## Work item
Copy each line of the data below with the word "where".

## Raw data
lemma sum_trace_terms_monomial:
  fixes F :: "('n::finite \<Rightarrow>\<^sub>0 nat) \<Rightarrow> ('n, 'k) poly_ring" and e :: nat
  defines "q \<equiv> CHAR('k) ^ e"
  shows "(\<Sum>(\<gamma>, \<epsilon>) \<in> Sigma (residue_exps q) (\<lambda>\<gamma>. keys (F \<gamma>)).
           trace_map e (single (trace_exp q \<epsilon> - \<gamma>) (lookup (F \<gamma>) \<epsilon> ^ q) * single \<alpha> c))
    = single (exp_div q \<alpha>) (frob_root e c) * F (exp_mod q \<alpha>)"
proof -
  let ?\<gamma>\<^sub>0 = "exp_mod q \<alpha>" and ?\<beta> = "exp_div q \<alpha>"
  have q: "q > 0"
    unfolding q_def using prime_char prime_gt_0_nat by simp
  have "(\<Sum>(\<gamma>, \<epsilon>) \<in> Sigma (residue_exps q) (\<lambda>\<gamma>. keys (F \<gamma>)).
           trace_map e (single (trace_exp q \<epsilon> - \<gamma>) (lookup (F \<gamma>) \<epsilon> ^ q) * single \<alpha> c))
      = (\<Sum>(\<gamma>, \<epsilon>) \<in> Sigma (residue_exps q) (\<lambda>\<gamma>. keys (F \<gamma>)).
           trace_map e (single (trace_exp q \<epsilon> - \<gamma> + \<alpha>) (lookup (F \<gamma>) \<epsilon> ^ q * c)))"
    by (simp add: mult_single)
  also have "\<dots> = (\<Sum>\<gamma> \<in> residue_exps q. \<Sum>\<epsilon> \<in> keys (F \<gamma>).
           trace_map e (single (trace_exp q \<epsilon> - \<gamma> + \<alpha>) (lookup (F \<gamma>) \<epsilon> ^ q * c)))"
    by (rule sum.Sigma[symmetric]) (simp_all add: finite_residue_exps)
  also have "\<dots> = (\<Sum>\<gamma> \<in> residue_exps q. if \<gamma> = ?\<gamma>\<^sub>0
      then (\<Sum>\<epsilon> \<in> keys (F ?\<gamma>\<^sub>0). single (\<epsilon> + ?\<beta>) (lookup (F ?\<gamma>\<^sub>0) \<epsilon> * frob_root e c)) else 0)"
    by (intro sum.cong refl)
       (simp add: q_def trace_map_trace_exp_minus_add frob_root_mult[OF prime_char perfect]
        prime_char perfect)
  also have "\<dots> = (\<Sum>\<epsilon> \<in> keys (F ?\<gamma>\<^sub>0). single (\<epsilon> + ?\<beta>) (lookup (F ?\<gamma>\<^sub>0) \<epsilon> * frob_root e c))"
    using exp_mod_in_residue_exps[OF q, of \<alpha>] by (simp add: sum.delta' finite_residue_exps)
  also have "\<dots> = single ?\<beta> (frob_root e c) * F ?\<gamma>\<^sub>0"
    by (subst (4) sum_single_lookup[symmetric])
       (simp add: sum_distrib_left mult_single add.commute mult.commute)
  finally show ?thesis .
qed

end

lemma cartier_map_zero:
  assumes "\<phi> \<in> cartier_maps p (monomial_ideal G) e"
  shows "\<phi> 0 \<in> monomial_ideal G"
proof -
  have "\<phi> (0 + 0) - (\<phi> 0 + \<phi> 0) \<in> monomial_ideal G"
    using assms unfolding cartier_maps_def by blast
  then show ?thesis
    using monomial_ideal_uminus[of "- \<phi> 0" G] by simp
qed

lemma cartier_map_sum:
  assumes "\<phi> \<in> cartier_maps p (monomial_ideal G) e"
  shows "\<phi> (sum h A) - (\<Sum>a\<in>A. \<phi> (h a)) \<in> monomial_ideal G"
proof (induction A rule: infinite_finite_induct)
  case (insert x A)
  have "\<phi> (h x + sum h A) - (\<phi> (h x) + \<phi> (sum h A)) \<in> monomial_ideal G"
    using assms unfolding cartier_maps_def by blast
  from monomial_ideal_add[OF this insert.IH] show ?case
    using insert.hyps by (simp add: algebra_simps)
qed (use cartier_map_zero[OF assms] in simp_all)

context
  assumes prime_char: "prime CHAR('k::field)"
    and perfect: "surj (\<lambda>x::'k. x ^ CHAR('k))"
begin

lemma cartier_map_monomial:
  fixes \<phi> :: "('n::finite, 'k) poly_ring \<Rightarrow> ('n, 'k) poly_ring"
  assumes "\<phi> \<in> cartier_maps CHAR('k) (monomial_ideal G) e"
  shows "\<phi> (single (exp_scale (CHAR('k) ^ e) \<beta> + \<gamma>) c) - single \<beta> (frob_root e c) * \<phi> (single \<gamma> 1)
    \<in> monomial_ideal G"
proof -
  have "single \<beta> (frob_root e c) ^ CHAR('k) ^ e * single \<gamma> 1 = single (exp_scale (CHAR('k) ^ e) \<beta> + \<gamma>) c"
    by (simp add: single_power mult_single prime_char perfect)
  moreover have "\<phi> (r ^ CHAR('k) ^ e * m) - r * \<phi> m \<in> monomial_ideal G" for r m
    using assms unfolding cartier_maps_def by blast
  ultimately show ?thesis
    by metis
qed

lemma cartier_map_decomposition:
  fixes \<phi> :: "('n::finite, 'k) poly_ring \<Rightarrow> ('n, 'k) poly_ring" and e :: nat
  defines "q \<equiv> CHAR('k) ^ e"
  assumes \<phi>: "\<phi> \<in> cartier_maps CHAR('k) (monomial_ideal G) e"
  shows "\<phi> m - (\<Sum>(\<gamma>, \<epsilon>) \<in> Sigma (residue_exps q) (\<lambda>\<gamma>. keys (\<phi> (single \<gamma> 1))).
      trace_map e (single (trace_exp q \<epsilon> - \<gamma>) (lookup (\<phi> (single \<gamma> 1)) \<epsilon> ^ q) * m))
    \<in> monomial_ideal G"
proof -
  define R where "R m = (\<Sum>(\<gamma>, \<epsilon>) \<in> Sigma (residue_exps q) (\<lambda>\<gamma>. keys (\<phi> (single \<gamma> 1))).
      trace_map e (single (trace_exp q \<epsilon> - \<gamma>) (lookup (\<phi> (single \<gamma> 1)) \<epsilon> ^ q) * m))" for m
  define h where "h \<beta> = single \<beta> (lookup m \<beta>)" for \<beta>
  have "R m = (\<Sum>\<beta>\<in>keys m. R (h \<beta>))"
    unfolding R_def h_def
    by (subst (1) sum_single_lookup[of m, symmetric])
       (simp add: sum_distrib_left trace_map_sum prime_char perfect sum.swap[of _ _ "keys m"] split_def)
  moreover have "\<phi> m = \<phi> (sum h (keys m))"
    by (simp add: h_def sum_single_lookup)
  ultimately have split: "\<phi> m - R m = (\<phi> (sum h (keys m)) - (\<Sum>\<beta>\<in>keys m. \<phi> (h \<beta>)))
      + (\<Sum>\<beta>\<in>keys m. \<phi> (h \<beta>) - R (h \<beta>))"
    by (simp add: sum_subtractf)
  have monomial: "\<phi> (h \<beta>) - R (h \<beta>) \<in> monomial_ideal G" for \<beta>
  proof -
    have "R (h \<beta>) = single (exp_div q \<beta>) (frob_root e (lookup m \<beta>)) * \<phi> (single (exp_mod q \<beta>) 1)"
      unfolding R_def h_def q_def by (rule sum_trace_terms_monomial[OF prime_char perfect])
    then show ?thesis
      using cartier_map_monomial[OF \<phi>, of "exp_div q \<beta>" "exp_mod q \<beta>" "lookup m \<beta>"]
      by (simp add: h_def q_def exp_scale_div_add_mod)
  qed
  have "\<phi> m - R m \<in> monomial_ideal G"
    unfolding split by (intro monomial_ideal_add cartier_map_sum[OF \<phi>] monomial_ideal_sum monomial)
  then show ?thesis
    by (simp add: R_def)
qed

end

section \<open>Truncated trace generators\<close>

definition exp_trunc :: "nat \<Rightarrow> ('n::finite \<Rightarrow>\<^sub>0 nat) \<Rightarrow> ('n \<Rightarrow>\<^sub>0 nat)" where
  "exp_trunc q D = Abs_poly_mapping (\<lambda>j. min (lookup D j) q)"

lemma lookup_exp_trunc [simp]: "lookup (exp_trunc q D) j = min (lookup D j) q"
  by (simp add: exp_trunc_def)

lemma exp_trunc_add_diff: "exp_trunc q D + (D - exp_trunc q D) = D"
  by (simp add: poly_mapping_eq_iff fun_eq_iff exp_trunc_def lookup_add lookup_minus)

lemma monom_x_exp_trunc_mult:
  "monom_x (exp_trunc q D) * (single (D - exp_trunc q D) c * m) = single D (c :: 'k::comm_ring_1) * m"
  by (simp add: monom_x_def mult.assoc[symmetric] mult_single exp_trunc_add_diff)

## Completed task
  define R where "R m = (\<Sum>(\<gamma>, \<epsilon>) \<in> Sigma (residue_exps q) (\<lambda>\<gamma>. keys (\<phi> (single \<gamma> 1))).
  define h where "h \<beta> = single \<beta> (lookup m \<beta>)" for \<beta>
definition exp_trunc :: "nat \<Rightarrow> ('n::finite \<Rightarrow>\<^sub>0 nat) \<Rightarrow> ('n \<Rightarrow>\<^sub>0 nat)" where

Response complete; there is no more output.